Perhaps the term “quisling” will not survive; few other names of traitors to their country have become part of the language of their owner, let alone being adopted into our speech.
But the circumstances that made quisling a synonym for “traitor,” and quisle to mean “to betray one’s country,” have warranted the inclusion of both terms into several recent English dictionaries.
These were the circumstances: Vidkun Abraham Quisling was born in Norway, July 18, 1887. He received a military education and entered the Norwegian army in 1911, taking the oath of allegiance both to country and king.
Seven years later he served as military attache to his country’s embassy at Leningrad, and from 1919 to 1921 in the same capacity at Helsingfors. Through promotions he was commissioned a major in the Norwegian army in 1931.
But two years later, within four months after Adolf Hitler became chancellor of Germany, Quisling organized a Fascist Party in Norway, imitating the German organization of Hitler and becoming an ardent admirer of that leader.
Hence, when word was received in the winter of 1939-40 that the German army, already having overrun most of western Europe in the first few months of World War II, was contemplating an invasion of Norway, Quisling, then on the retired list, and his small party of Fascists got themselves in readiness.
The invasion surprised all Norway and Europe; it occurred, partly by sea and partly by air, on the night of April 8-9, 1940. The government refused to yield to German demands for surrender, and ordered a full mobilization of its army. But Quisling and his followers seized control of the Oslo radio station and countermanded the orders.
King Haakon and his loyal ministers fled northward and eventually escaped by sea to England, where a government-in-exile was set up.
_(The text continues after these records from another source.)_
(* Let $\ell,d,e$ be nonnegative integers with $e\ge d+m(q-1)$ and $\ell\le m$. Suppose $\mu\in\overline{\mathbb{M}}_d\cap\mathbb{F}_q[x_0,\dots,x_\ell]$ and $\nu\in\overline{\mathbb{M}}^{(\ell)}_e$. Then $\mu\mid\nu$ if and only if $\sigma^{(\ell)}(\mu)\mid\sigma^{(\ell)}(\nu)$.
   Context: $q$ is a prime power, $m$ a positive integer. A monomial $\mu\neq1$ in $x_0,\dots,x_m$ written $x_0^{a_0}\cdots x_k^{a_k}$ with $a_k>0$ is projectively reduced if $a_0,\dots,a_{k-1}\le q-1$; $1$ is projectively reduced. $\overline{\mathbb{M}}$ is the set of projectively reduced monomials and $\overline{\mathbb{M}}_e$ those of degree $e$. $\overline{\mathbb{M}}^{(0)}=\{x_0^a:a\ge0\}$ and for $1\le\ell\le m$, $\overline{\mathbb{M}}^{(\ell)}=\{x_0^{a_0}\cdots x_\ell^{a_\ell}\in\overline{\mathbb{M}}:a_\ell>0\}$; $\overline{\mathbb{M}}^{(\ell)}_e=\overline{\mathbb{M}}^{(\ell)}\cap\overline{\mathbb{M}}_e$. The specialization map $\sigma^{(\ell)}:\overline{\mathbb{M}}\to\overline{\mathbb{M}}\cup\{0\}$ sends $x_0^{a_0}\cdots x_{\ell-1}^{a_{\ell-1}}x_\ell^{a_\ell}$ to $x_0^{a_0}\cdots x_{\ell-1}^{a_{\ell-1}}$ and sends monomials not in $\mathbb{F}_q[x_0,\dots,x_\ell]$ to $0$ (empty products equal $1$). *)

theory Defs
  imports "HOL-Computational_Algebra.Primes"
begin

text \<open>A monomial in x_0,...,x_m is represented by its exponent vector
  a :: nat => nat, with a i = 0 for i > m.  The monomial 1 is the zero vector.\<close>

definition is_monomial :: "nat \<Rightarrow> (nat \<Rightarrow> nat) \<Rightarrow> bool" where
  "is_monomial m a \<longleftrightarrow> (\<forall>i>m. a i = 0)"

definition mdeg :: "nat \<Rightarrow> (nat \<Rightarrow> nat) \<Rightarrow> nat" where
  "mdeg m a = (\<Sum>i\<le>m. a i)"

definition in_vars :: "nat \<Rightarrow> (nat \<Rightarrow> nat) \<Rightarrow> bool" where
  "in_vars l a \<longleftrightarrow> (\<forall>i>l. a i = 0)"

definition proj_reduced :: "nat \<Rightarrow> nat \<Rightarrow> (nat \<Rightarrow> nat) \<Rightarrow> bool" where
  "proj_reduced q m a \<longleftrightarrow> is_monomial m a \<and>
     (a = (\<lambda>_. 0) \<or>
      (\<exists>k\<le>m. a k > 0 \<and> (\<forall>i>k. a i = 0) \<and> (\<forall>i<k. a i \<le> q - 1)))"

definition PRM_deg :: "nat \<Rightarrow> nat \<Rightarrow> nat \<Rightarrow> (nat \<Rightarrow> nat) set" where
  "PRM_deg q m e = {a. proj_reduced q m a \<and> mdeg m a = e}"

definition PRM_level :: "nat \<Rightarrow> nat \<Rightarrow> nat \<Rightarrow> (nat \<Rightarrow> nat) set" where
  "PRM_level q m l =
     (if l = 0 then {a. \<forall>i>0. a i = 0}
      else {a. proj_reduced q m a \<and> in_vars l a \<and> a l > 0})"

definition PRM_level_deg :: "nat \<Rightarrow> nat \<Rightarrow> nat \<Rightarrow> nat \<Rightarrow> (nat \<Rightarrow> nat) set" where
  "PRM_level_deg q m l e = PRM_level q m l \<inter> PRM_deg q m e"

text \<open>Specialization map sigma^(l); the value 0 (zero polynomial) is represented by None.\<close>
definition sigma :: "nat \<Rightarrow> (nat \<Rightarrow> nat) \<Rightarrow> (nat \<Rightarrow> nat) option" where
  "sigma l a = (if in_vars l a then Some (a(l := 0)) else None)"

fun mdvd :: "(nat \<Rightarrow> nat) option \<Rightarrow> (nat \<Rightarrow> nat) option \<Rightarrow> bool" where
  "mdvd _ None = True"
| "mdvd None (Some _) = False"
| "mdvd (Some a) (Some b) = (\<forall>i. a i \<le> b i)"

definition prime_power :: "nat \<Rightarrow> bool" where
  "prime_power q \<longleftrightarrow> (\<exists>p k. prime p \<and> k > 0 \<and> q = p ^ k)"

end

theory Submission
  imports Defs
begin

text \<open>A monomial \<nu> of level l has its exponents of x_0, ..., x_(l-1) bounded by q - 1 and
  involves no variable beyond x_l, so its degree e is at most l(q - 1) plus the exponent of x_l.
  That exponent is therefore at least e - m(q - 1) \<ge> d, which bounds the exponent of x_l in \<mu>.
  So \<mu> divides \<nu> as soon as the remaining exponents do, and these are exactly what the
  specialization retains.\<close>

lemma PRM_level_in_vars: "\<nu> \<in> PRM_level q m l \<Longrightarrow> in_vars l \<nu>"
  by (auto simp: PRM_level_def in_vars_def split: if_splits)

lemma PRM_level_exponent_le:
  assumes "\<nu> \<in> PRM_level q m l" and "i < l"
  shows "\<nu> i \<le> q - 1"
proof -
  from assms have reduced: "proj_reduced q m \<nu>" and vars: "in_vars l \<nu>" and pos: "\<nu> l > 0"
    by (auto simp: PRM_level_def split: if_splits)
  from reduced pos obtain k where "\<nu> k > 0" "\<forall>j>k. \<nu> j = 0" "\<forall>j<k. \<nu> j \<le> q - 1"
    unfolding proj_reduced_def by (metis less_irrefl)
  moreover from this vars pos have "k = l"
    unfolding in_vars_def by (metis linorder_neqE_nat less_irrefl)
  ultimately show ?thesis using \<open>i < l\<close> by simp
qed

lemma exponent_le_mdeg: "i \<le> m \<Longrightarrow> a i \<le> mdeg m a"
  unfolding mdeg_def by (rule member_le_sum) auto

lemma mdeg_in_vars:
  assumes "in_vars l a" and "l \<le> m"
  shows "mdeg m a = (\<Sum>i<l. a i) + a l"
proof -
  have "mdeg m a = (\<Sum>i\<le>l. a i)"
    unfolding mdeg_def using assms
    by (intro sum.mono_neutral_right) (auto simp: in_vars_def)
  also have "\<dots> = (\<Sum>i<l. a i) + a l"
    by (simp add: lessThan_Suc_atMost[symmetric])
  finally show ?thesis .
qed

lemma PRM_level_deg_le_last_exponent:
  assumes "\<nu> \<in> PRM_level_deg q m l e" and "l \<le> m"
  shows "e \<le> l * (q - 1) + \<nu> l"
proof -
  from assms(1) have level: "\<nu> \<in> PRM_level q m l" and deg: "mdeg m \<nu> = e"
    by (auto simp: PRM_level_deg_def PRM_deg_def)
  have "(\<Sum>i<l. \<nu> i) \<le> (\<Sum>i<l. q - 1)"
    using PRM_level_exponent_le[OF level] by (intro sum_mono) auto
  with mdeg_in_vars[OF PRM_level_in_vars[OF level] assms(2)] deg show ?thesis
    by simp
qed

lemma mdvd_iff_mdvd_sigma:
  assumes "in_vars l a" and "in_vars l b" and "a l \<le> b l"
  shows "mdvd (Some a) (Some b) \<longleftrightarrow> mdvd (sigma l a) (sigma l b)"
  using assms by (auto simp: sigma_def)

theorem proposition4p1:
  fixes q m l d e :: nat and \<mu> \<nu> :: "nat \<Rightarrow> nat"
  assumes "prime_power q" and "m > 0"
    and "e \<ge> d + m * (q - 1)" and "l \<le> m"
    and "\<mu> \<in> PRM_deg q m d" and "in_vars l \<mu>"
    and "\<nu> \<in> PRM_level_deg q m l e"
  shows "mdvd (Some \<mu>) (Some \<nu>) \<longleftrightarrow> mdvd (sigma l \<mu>) (sigma l \<nu>)"
proof (rule mdvd_iff_mdvd_sigma)
  show "in_vars l \<nu>"
    using assms(7) by (auto simp: PRM_level_deg_def intro: PRM_level_in_vars)
  have "\<mu> l \<le> d"
    using exponent_le_mdeg[of l m \<mu>] assms(4,5) by (simp add: PRM_deg_def)
  moreover have "l * (q - 1) \<le> m * (q - 1)"
    using assms(4) by simp
  ultimately show "\<mu> l \<le> \<nu> l"
    using PRM_level_deg_le_last_exponent[OF assms(7,4)] assms(3) by linarith
qed (fact assms(6))

end
lemma prob_space_distr_uniform_measureD:
  assumes "prob_space (distr (uniform_measure M C) N g)" "g \<in> measurable M N" "C \<in> sets M"
  shows "emeasure M C \<noteq> 0" "emeasure M C \<noteq> \<infinity>"
proof -
  have "1 = emeasure (distr (uniform_measure M C) N g) (space N)"
    using prob_space.emeasure_space_1[OF assms(1)] by simp
  also have "\<dots> = emeasure M (C \<inter> (g -` space N \<inter> space M)) / emeasure M C"
    using assms(2,3) by (simp add: emeasure_distr cong: measurable_cong_sets)
  also have "C \<inter> (g -` space N \<inter> space M) = C"
    using sets.sets_into_space[OF assms(3)] measurable_space[OF assms(2)] by auto
  finally show "emeasure M C \<noteq> 0" "emeasure M C \<noteq> \<infinity>"
    by auto \<comment> \<open>in \<open>ennreal\<close>, both \<open>0 / 0\<close> and \<open>\<infinity> / \<infinity>\<close> are \<open>0\<close>\<close>
qed

lemma distr_uniform_measure_preimage:
  assumes law: "distr M N Y = distr (uniform_measure T C) N g"
    and [measurable]: "Y \<in> measurable M N" "g \<in> measurable T N" "h \<in> measurable N K"
      "C \<in> sets T" "B \<in> sets N"
    and "emeasure T C \<noteq> 0" "emeasure T C \<noteq> \<infinity>"
  shows "distr (uniform_measure M (Y -` B \<inter> space M)) K (h \<circ> Y)
       = distr (uniform_measure T (C \<inter> g -` B \<inter> space T)) K (h \<circ> g)"
proof -
  have [measurable]: "g \<in> measurable (uniform_measure T C) N"
    by (simp cong: measurable_cong_sets)
  have "distr (uniform_measure M (Y -` B \<inter> space M)) K (h \<circ> Y)
      = distr (uniform_measure (distr M N Y) B) K h"
    by (simp add: uniform_measure_distr distr_distr cong: measurable_cong_sets)
  also have "\<dots> = distr (uniform_measure (uniform_measure T C) (g -` B \<inter> space T)) K (h \<circ> g)"
    unfolding law by (simp add: uniform_measure_distr distr_distr cong: measurable_cong_sets)
  also have "\<dots> = distr (uniform_measure T (C \<inter> g -` B \<inter> space T)) K (h \<circ> g)"
    using assms(7,8) by (simp add: uniform_measure_uniform_measure Int_assoc)
  finally show ?thesis .
qed

lemma pos_def_mat_invertible:
  assumes "pos_def_mat (A :: real^'n::finite^'n)"
  shows "invertible A"
proof -
  have "\<forall>x. A *v x = 0 \<longrightarrow> x = 0"
    using assms unfolding pos_def_mat_def by (metis inner_zero_right less_irrefl)
  then show ?thesis
    using matrix_left_invertible_ker invertible_left_inverse by blast
qed

lemma pos_def_mat_diag_pos:
  assumes "pos_def_mat (A :: real^'n::finite^'n)"
  shows "A $ i $ i > 0"
proof -
  have "axis i 1 \<bullet> (A *v axis i 1) > 0"
    using assms unfolding pos_def_mat_def by (metis axis_eq_0_iff zero_neq_one)
  moreover have "axis i 1 \<bullet> (A *v axis i 1) = A $ i $ i"
    by (simp add: inner_vec_def matrix_vector_mult_def axis_def if_distrib[where f="\<lambda>x. x * _"]
        if_distrib[where f="\<lambda>x. _ * x"] cong: if_cong)
  ultimately show ?thesis by simp
qed

lemma pos_def_mat_symmetric:
  assumes "pos_def_mat (A :: real^'n::finite^'n)"
  shows "A $ i $ j = A $ j $ i"
  using assms unfolding pos_def_mat_def by (metis transpose_def vec_lambda_beta)

fun sum_assoc :: "('a + 'b) + 'c \<Rightarrow> 'a + ('b + 'c)" where
  "sum_assoc (Inl (Inl a)) = Inl a"
| "sum_assoc (Inl (Inr b)) = Inr (Inl b)"
| "sum_assoc (Inr c) = Inr (Inr c)"

lemma bij_sum_assoc: "bij sum_assoc"
  by (rule bij_betw_byWitness[where f'="\<lambda>y. case y of Inl a \<Rightarrow> Inl (Inl a)
      | Inr (Inl b) \<Rightarrow> Inl (Inr b) | Inr (Inr c) \<Rightarrow> Inr c"])
    (auto simp: split_sum_all split: sum.splits)

lemma reindex_mat_sum_assoc_blockmat:
  assumes "\<And>i j. \<Omega> $ i $ j = \<Omega> $ j $ i"
  shows "reindex_mat sum_assoc (blockmat \<Gamma> (transpose \<Delta>) \<Delta> (corr_of \<Omega>))
       = blockmat (blockmat \<Gamma> (transpose (rows1 \<Delta>)) (rows1 \<Delta>) (blk11 (corr_of \<Omega>)))
           (transpose (hcat (rows2 \<Delta>) (blk21 (corr_of \<Omega>)))) (hcat (rows2 \<Delta>) (blk21 (corr_of \<Omega>)))
           (corr_of (blk22 \<Omega>))"
  unfolding vec_eq_iff \<comment> \<open>symmetry identifies the transposed block \<open>blk21\<close> with \<open>blk12\<close>\<close>
  by (auto simp: reindex_mat_def split_sum_all blockmat_def transpose_def rows1_def rows2_def
      blk11_def blk21_def blk22_def hcat_def corr_of_def assms mult.commute split: sum.splits)

lemma continuous_on_vfst [continuous_intros]: "continuous_on S (vfst :: real^('a::finite + 'b::finite) \<Rightarrow> _)"
  unfolding vfst_def by (intro continuous_on_vec_lambda continuous_on_component continuous_on_id)

lemma continuous_on_vsnd [continuous_intros]: "continuous_on S (vsnd :: real^('a::finite + 'b::finite) \<Rightarrow> _)"
  unfolding vsnd_def by (intro continuous_on_vec_lambda continuous_on_component continuous_on_id)

lemma measurable_vfst [measurable]: "(vfst :: real^('a::finite + 'b::finite) \<Rightarrow> _) \<in> borel_measurable borel"
  by (intro borel_measurable_continuous_onI continuous_on_vfst)
lemma star_graphH_defect:
  "dpair S \<theta> (fst (star S (hsharp S H \<xi>, \<xi>) (hsharp S H \<eta>, \<eta>)))
     - dpair S (snd (star S (hsharp S H \<xi>, \<xi>) (hsharp S H \<eta>, \<eta>))) (hsharp S H \<theta>)
   = cobB2 S H \<xi> \<theta> \<eta> - bigbrHH S H \<xi> \<theta> \<eta>"
proof -
  let ?x = "hsharp S H \<xi>" and ?y = "hsharp S H \<eta>" and ?z = "hsharp S H \<theta>"
  have pform: "pform_plus S (?x, \<xi>) (?y, \<eta>) = H \<xi> \<eta> + H \<xi> \<eta>"
    by (simp add: pform_plus_def hsharp_pair symmetric[of \<eta> \<xi>])
  have fst_part: "dpair S \<theta> (fst (star S (?x, \<xi>) (?y, \<eta>))) =
      dpair S \<theta> (mulA S ?x ?y) + ancB S \<xi> (H \<theta> \<eta>) - H (brB S \<xi> \<theta>) \<eta>
      + H \<xi> (mulB S \<theta> \<eta>) - ancB S \<theta> (H \<xi> \<eta>)"
    unfolding star_fst_pair pform half_anchor_double[OF ls_B]
    by (simp only: hsharp_pair symmetric[of \<eta>])
  have snd_part: "dpair S (snd (star S (?x, \<xi>) (?y, \<eta>))) ?z =
      H \<theta> (mulB S \<xi> \<eta>) + ancA S ?x (H \<theta> \<eta>) - dpair S \<eta> (brA S ?x ?z)
      + dpair S \<xi> (mulA S ?z ?y) - ancA S ?z (H \<xi> \<eta>)"
    unfolding star_snd_pair pform half_anchor_double[OF ls_A] by (simp only: hsharp_pair)
  show ?thesis
    unfolding fst_part snd_part by (simp add: cobB2_def bigbrHH_def hsharp_pair algebra_simps)
qed

lemma star_closed_graphH_iff:
  "(\<forall>e1\<in>graphH S H. \<forall>e2\<in>graphH S H. star S e1 e2 \<in> graphH S H) \<longleftrightarrow>
     (\<forall>\<xi>1 \<xi>2 \<xi>3. cobB2 S H \<xi>1 \<xi>2 \<xi>3 - bigbrHH S H \<xi>1 \<xi>2 \<xi>3 = 0)"
proof -
  have "(\<forall>e1\<in>graphH S H. \<forall>e2\<in>graphH S H. star S e1 e2 \<in> graphH S H) \<longleftrightarrow>
      (\<forall>\<xi> \<eta>. star S (hsharp S H \<xi>, \<xi>) (hsharp S H \<eta>, \<eta>) \<in> graphH S H)"
    by (auto simp: graphH_def)
  also have "\<dots> \<longleftrightarrow> (\<forall>\<xi> \<eta> \<theta>. cobB2 S H \<xi> \<theta> \<eta> - bigbrHH S H \<xi> \<theta> \<eta> = 0)"
    by (simp only: mem_graphH_iff_pairing star_graphH_defect)
  finally show ?thesis by blast
qed

end

end

theorem mainTheorem15:
  fixes S :: "('f::{comm_ring_1,real_algebra_1}, 'a::ab_group_add, 'b::ab_group_add) lsb_data"
    and H :: "'b \<Rightarrow> 'b \<Rightarrow> 'f"
  assumes "ls_bialgebroid S"
    and "tensorAA S H"
  shows "dirac S (graphH S H) \<longleftrightarrow>
           ((\<forall>\<xi> \<eta>. H \<xi> \<eta> = H \<eta> \<xi>) \<and>
            (\<forall>\<xi>1 \<xi>2 \<xi>3. cobB2 S H \<xi>1 \<xi>2 \<xi>3 - bigbrHH S H \<xi>1 \<xi>2 \<xi>3 = 0))"
proof -
  interpret paired_ls_algebroids_tensor S H
    using assms by unfold_locales (auto simp: ls_bialgebroid_def)
  show ?thesis
    unfolding dirac_def
    using isotropic_graphH_iff_symmetric max_isotropic_graphH star_closed_graphH_iff
    by (auto simp: max_isotropic_minus_def)
qed

end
After the king’s flight, Quisling was named the head of government by the German commander, a position that he occupied briefly. But in the following September he was again given the title, and thereafter carried out all the orders of his German overlords until the German military collapse in April, 1945.
Immediately, then, Quisling was placed under arrest by orders of the legal government, charged with treason, murder, and theft. The murder charge was based upon his responsibility for the deaths of a thousand Jewish and a hundred other Norwegian civilians. He was convicted on all counts in September, 1945.
The verdict, a sentence of death, was the first of such extreme penalties given by a Norwegian court in many years, for criminal execution had long been abolished under the laws of the country.
However, the Supreme Court promptly upheld an act passed in October, 1941, by the government-in-exile re-establishing that penalty for convicted traitors, and Quisling was shot by a firing squad at the Akershus fortress in the early hours of October 24, 1945.
Because of the great contempt in which his actions were held by the peoples of all nations fighting against Germany, his name became a hateful byword applied, especially during the war, to anyone whose actions were traitorous.